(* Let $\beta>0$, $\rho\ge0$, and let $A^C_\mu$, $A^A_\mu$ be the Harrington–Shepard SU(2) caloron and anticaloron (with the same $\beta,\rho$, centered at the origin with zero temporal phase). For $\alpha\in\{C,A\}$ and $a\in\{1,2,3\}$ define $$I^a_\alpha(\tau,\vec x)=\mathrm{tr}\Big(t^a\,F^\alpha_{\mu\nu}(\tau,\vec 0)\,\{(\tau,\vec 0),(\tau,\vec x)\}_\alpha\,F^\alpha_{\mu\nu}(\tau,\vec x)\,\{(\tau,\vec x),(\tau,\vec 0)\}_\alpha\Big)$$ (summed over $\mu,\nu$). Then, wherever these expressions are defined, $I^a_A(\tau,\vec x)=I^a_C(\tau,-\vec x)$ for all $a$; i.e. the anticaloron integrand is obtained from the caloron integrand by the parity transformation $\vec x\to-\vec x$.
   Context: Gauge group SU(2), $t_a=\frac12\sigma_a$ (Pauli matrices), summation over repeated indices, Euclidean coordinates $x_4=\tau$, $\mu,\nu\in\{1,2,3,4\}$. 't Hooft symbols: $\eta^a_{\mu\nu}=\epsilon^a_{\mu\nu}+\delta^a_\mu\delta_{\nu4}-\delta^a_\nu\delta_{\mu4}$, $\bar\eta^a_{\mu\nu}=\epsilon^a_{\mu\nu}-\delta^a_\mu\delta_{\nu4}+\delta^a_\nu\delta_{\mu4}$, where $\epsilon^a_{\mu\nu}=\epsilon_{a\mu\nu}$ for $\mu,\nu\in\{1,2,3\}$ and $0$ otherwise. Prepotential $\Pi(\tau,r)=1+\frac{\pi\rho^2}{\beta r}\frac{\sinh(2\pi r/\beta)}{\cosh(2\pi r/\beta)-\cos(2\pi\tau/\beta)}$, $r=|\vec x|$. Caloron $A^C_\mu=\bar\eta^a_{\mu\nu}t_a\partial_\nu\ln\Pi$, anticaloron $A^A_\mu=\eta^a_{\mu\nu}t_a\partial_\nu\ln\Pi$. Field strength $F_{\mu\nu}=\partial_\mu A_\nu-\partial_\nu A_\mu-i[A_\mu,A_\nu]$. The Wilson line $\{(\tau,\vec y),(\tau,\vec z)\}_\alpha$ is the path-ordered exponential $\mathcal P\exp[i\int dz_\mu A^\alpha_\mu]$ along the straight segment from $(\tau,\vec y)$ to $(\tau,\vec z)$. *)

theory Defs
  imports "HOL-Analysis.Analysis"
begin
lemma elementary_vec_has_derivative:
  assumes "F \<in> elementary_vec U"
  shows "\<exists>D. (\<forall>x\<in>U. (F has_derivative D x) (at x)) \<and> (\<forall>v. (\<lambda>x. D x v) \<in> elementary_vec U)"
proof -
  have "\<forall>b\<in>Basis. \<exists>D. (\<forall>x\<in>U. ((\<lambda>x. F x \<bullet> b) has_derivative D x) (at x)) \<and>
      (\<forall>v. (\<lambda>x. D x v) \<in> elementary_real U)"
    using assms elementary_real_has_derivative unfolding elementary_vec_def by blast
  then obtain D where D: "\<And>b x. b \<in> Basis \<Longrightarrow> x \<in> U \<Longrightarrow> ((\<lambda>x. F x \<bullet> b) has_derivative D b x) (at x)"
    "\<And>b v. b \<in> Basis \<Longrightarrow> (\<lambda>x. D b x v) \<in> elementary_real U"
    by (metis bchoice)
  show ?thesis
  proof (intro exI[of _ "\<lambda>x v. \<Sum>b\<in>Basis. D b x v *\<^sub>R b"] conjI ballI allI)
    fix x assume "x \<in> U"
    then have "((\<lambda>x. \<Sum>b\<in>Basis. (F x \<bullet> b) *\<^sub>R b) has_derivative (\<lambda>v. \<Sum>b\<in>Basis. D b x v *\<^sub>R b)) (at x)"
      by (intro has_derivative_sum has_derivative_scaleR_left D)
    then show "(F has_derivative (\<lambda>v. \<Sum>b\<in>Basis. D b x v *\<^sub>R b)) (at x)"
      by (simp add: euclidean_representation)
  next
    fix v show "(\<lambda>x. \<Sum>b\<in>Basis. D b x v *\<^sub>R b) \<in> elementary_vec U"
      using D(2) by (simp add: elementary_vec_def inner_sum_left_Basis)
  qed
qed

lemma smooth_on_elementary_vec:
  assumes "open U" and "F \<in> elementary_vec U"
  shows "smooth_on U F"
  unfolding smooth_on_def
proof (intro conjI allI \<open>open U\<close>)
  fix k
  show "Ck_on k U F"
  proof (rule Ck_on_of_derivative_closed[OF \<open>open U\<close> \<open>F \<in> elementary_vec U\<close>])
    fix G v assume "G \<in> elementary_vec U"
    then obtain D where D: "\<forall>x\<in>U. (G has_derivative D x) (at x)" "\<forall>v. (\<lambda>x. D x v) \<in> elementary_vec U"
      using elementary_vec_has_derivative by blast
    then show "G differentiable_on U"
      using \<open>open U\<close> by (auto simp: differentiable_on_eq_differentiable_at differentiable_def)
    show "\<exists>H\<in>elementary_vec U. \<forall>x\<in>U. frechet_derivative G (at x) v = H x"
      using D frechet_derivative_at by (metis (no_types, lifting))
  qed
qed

════════

▶ _Exercise requirements_
In the entries above, please find the line with "proof (rule Ck_on_of_derivative_closed[OF" and the line with "using elementary_vec_has_derivative by", then write out exactly those two lines and every line between them, and nothing more.

▶ _Response for this exercise_
  proof (rule Ck_on_of_derivative_closed[OF \<open>open U\<close> \<open>F \<in> elementary_vec U\<close>])
    fix G v assume "G \<in> elementary_vec U"
    then obtain D where D: "\<forall>x\<in>U. (G has_derivative D x) (at x)" "\<forall>v. (\<lambda>x. D x v) \<in> elementary_vec U"
      using elementary_vec_has_derivative by blast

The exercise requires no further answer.